Aurora now began to shew her blooming cheeks over the hills, whilst ten millions of feathered songsters, in jocund chorus, repeated odes a thousand times sweeter than those of our laureat, and sung both the day and the song; when the master of the inn, Mr Tow-wouse, arose, and learning from his maid an account of the robbery, and the situation of his poor naked guest, he shook his head, and cried, “good-lack-a-day!” and then ordered the girl to carry him one of his own shirts.
Mrs Tow-wouse was just awake, and had stretched out her arms in vain to fold her departed husband, when the maid entered the room. “Who’s there? Betty?” — “Yes, madam.” — “Where’s your master?” — “He’s without, madam; he hath sent me for a shirt to lend a poor naked man, who hath been robbed and murdered.” — “Touch one if you dare, you slut,” said Mrs Tow-wouse: “your master is a pretty sort of a man, to take in naked vagabonds, and clothe them with his own clothes. I shall have no such doings. If you offer to touch anything, I’ll throw the chamber-pot at your head. Go, send your master to me.” — “Yes, madam,” answered Betty. As soon as he came in, she thus began: “What the devil do you mean by this, Mr Tow-wouse? Am I to buy shirts to lend to a set of scabby rascals?” — “My dear,” said Mr Tow-wouse, “this is a poor wretch.” — “Yes,” says she, “I know it is a poor wretch; but what the devil have we to do with poor wretches? The law makes us provide for too many already. We shall have thirty or forty poor wretches in red coats shortly.” — “My dear,” cries Tow-wouse, “this man hath been robbed of all he hath.” — “Well then,” said she, “where’s his money to pay his reckoning? Why doth not such a fellow go to an alehouse? I shall send him packing as soon as I am up, I assure you.” — “My dear,” said he, “common charity won’t suffer you to do that.” — “Common charity, a f — t!” says she, “common charity teaches us to provide for ourselves and our families; and I and mine won’t be ruined by your charity, I assure you.” — “Well,” says he, “my dear, do as you will, when you are up; you know I never contradict you.” — “No,” says she; “if the devil was to contradict me, I would make the house too hot to hold him.”

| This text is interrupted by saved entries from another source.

lemma Inf_energy_le:
  assumes "\<And>x. 0 \<le> a x" "\<And>x. 0 \<le> b x" "\<And>s. 0 \<le> G s" "ug \<in> H1_m L m"
  shows "Inf (energy a b G L ` H1_m L m) \<le> energy a b G L ug"
proof (rule cInf_lower)
  have "0 \<le> energy a b G L ug'" for ug'
    unfolding energy_def using assms(1-3) by (intro set_integral_nonneg) simp
  then show "bdd_below (energy a b G L ` H1_m L m)"
    by (intro bdd_belowI[of _ 0]) auto
qed (use assms(4) in simp)

locale ramp_profile =
  fixes a :: "real \<Rightarrow> real" and L t m M :: real
  assumes a_cont: "continuous_on UNIV a" and a_pos: "\<And>x. 0 < a x"
    and t_nonneg: "0 \<le> t" and t_less_L: "t < L"
begin

text \<open>The left ramp is half-open so that the ramps stay disjoint when \<open>t = 0\<close>.\<close>

definition left_resistance :: real where
  "left_resistance = (LINT x:{-L..<-t}|lborel. 1 / a x)"

definition right_resistance :: real where
  "right_resistance = (LINT x:{t..L}|lborel. 1 / a x)"

definition left_slope :: real where
  "left_slope = (M + m) / left_resistance"

definition right_slope :: real where
  "right_slope = (m - M) / right_resistance"

definition profile_deriv :: "real \<Rightarrow> real" where
  "profile_deriv x = indicator {-L..<-t} x * (left_slope * (1 / a x))
           + indicator {t..L} x * (right_slope * (1 / a x))"

definition profile :: "real \<Rightarrow> real" where
  "profile x = -m + (LINT y:{-L..x}|lborel. profile_deriv y)"

lemma inv_a_continuous: "continuous_on UNIV (\<lambda>x. c * (1 / a x))"
  using a_pos by (intro continuous_intros a_cont) (auto simp: less_imp_neq[symmetric])

lemma continuous_set_integrable:
  fixes f :: "real \<Rightarrow> real"
  assumes "continuous_on UNIV f" "S \<in> sets lborel" "S \<subseteq> {-L..L}"
  shows "set_integrable lborel S f"
  using set_integrable_continuous_on_Icc_subset[OF continuous_on_subset[OF assms(1)]] assms(2,3)
  by blast

lemma inv_a_integrable:
  "S \<in> sets lborel \<Longrightarrow> S \<subseteq> {-L..L} \<Longrightarrow> set_integrable lborel S (\<lambda>x. c * (1 / a x))"
  using continuous_set_integrable[OF inv_a_continuous] .

lemma partial_resistance_bounds:
  assumes "S \<in> sets lborel" "S \<subseteq> A" "A \<subseteq> {-L..L}" "A \<in> sets lborel"
  shows "0 \<le> (LINT x:S|lborel. 1 / a x)" "(LINT x:S|lborel. 1 / a x) \<le> (LINT x:A|lborel. 1 / a x)"
  using a_pos inv_a_integrable[of A 1] assms
  by (auto intro!: set_integral_nonneg set_integral_mono_set_nonneg simp: less_imp_le)

lemma resistances_pos: "0 < left_resistance" "0 < right_resistance"
proof -
  have "0 < (LINT x:{-L..-t}|lborel. 1 / a x)"
    using inv_a_continuous[of 1] a_pos t_nonneg t_less_L
    by (intro set_integral_pos_continuous_on_Icc) (auto intro: continuous_on_subset)
  also have "\<dots> = left_resistance"
    unfolding left_resistance_def using t_nonneg t_less_L
    by (intro set_integral_eq_up_to_point[symmetric, of _ _ _ "-t"]
        inv_a_integrable[of _ 1, simplified]) auto
  finally show "0 < left_resistance" .
  show "0 < right_resistance"
    unfolding right_resistance_def using inv_a_continuous[of 1] a_pos t_less_L
    by (intro set_integral_pos_continuous_on_Icc) (auto intro: continuous_on_subset)
qed

lemma profile_eq:
  assumes "x \<in> {-L..L}"
  shows "profile x = -m + left_slope * (LINT y:{-L..x} \<inter> {-L..<-t}|lborel. 1 / a y)
                        + right_slope * (LINT y:{-L..x} \<inter> {t..L}|lborel. 1 / a y)"
proof -
  have "(LINT y:{-L..x}|lborel. profile_deriv y)
      = (LINT y:{-L..x} \<inter> {-L..<-t}|lborel. left_slope * (1 / a y))
        + (LINT y:{-L..x} \<inter> {t..L}|lborel. right_slope * (1 / a y))"
    unfolding profile_deriv_def
    by (rule set_integral_indicator_add(2); rule inv_a_integrable) (use assms in auto)
  then show ?thesis
    unfolding profile_def set_integral_mult_right by simp
qed

lemma profile_deriv_integrable:
  "S \<in> sets lborel \<Longrightarrow> S \<subseteq> {-L..L} \<Longrightarrow> set_integrable lborel S profile_deriv"
  unfolding profile_deriv_def by (rule set_integral_indicator_add(1); rule inv_a_integrable) auto

lemma profile_left_ramp:
  assumes "x \<in> {-L..<t}"
  shows "profile x \<in> closed_segment (-m) M" and "-t \<le> x \<Longrightarrow> profile x = M"
proof -
  define P where "P = (LINT y:{-L..x} \<inter> {-L..<-t}|lborel. 1 / a y)"
  have "{-L..x} \<inter> {t..L} = {}" using assms by auto
  then have profile_x: "profile x = -m + (M - -m) / left_resistance * P"
    using profile_eq[of x] assms t_less_L
    by (simp add: P_def left_slope_def set_lebesgue_integral_def)
  have "0 \<le> P" "P \<le> left_resistance"
    unfolding P_def left_resistance_def
    using partial_resistance_bounds[of "{-L..x} \<inter> {-L..<-t}" "{-L..<-t}"] t_nonneg t_less_L
    by (auto simp: subset_iff)
  then show "profile x \<in> closed_segment (-m) M"
    unfolding profile_x by (intro in_closed_segment_affine resistances_pos)
  assume "-t \<le> x"
  then have "{-L..x} \<inter> {-L..<-t} = {-L..<-t}" using assms by auto
  then have "P = left_resistance" unfolding P_def left_resistance_def by (simp only:)
  then show "profile x = M" using profile_x resistances_pos by simp
qed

With such like discourses they consumed near half-an-hour, whilst Betty provided a shirt from the hostler, who was one of her sweethearts, and put it on poor Joseph. The surgeon had likewise at last visited him, and washed and drest his wounds, and was now come to acquaint Mr Tow-wouse that his guest was in such extreme danger of his life, that he scarce saw any hopes of his recovery. “Here’s a pretty kettle of fish,” cries Mrs Tow-wouse, “you have brought upon us! We are like to have a funeral at our own expense.” Tow-wouse (who, notwithstanding his charity, would have given his vote as freely as ever he did at an election, that any other house in the kingdom should have quiet possession of his guest) answered, “My dear, I am not to blame; he was brought hither by the stage-coach, and Betty had put him to bed before I was stirring.” — “I’ll Betty her,” says she. — At which, with half her garments on, the other half under her arm, she sallied out in quest of the unfortunate Betty, whilst Tow-wouse and the surgeon went to pay a visit to poor Joseph, and inquire into the circumstances of this melancholy affair.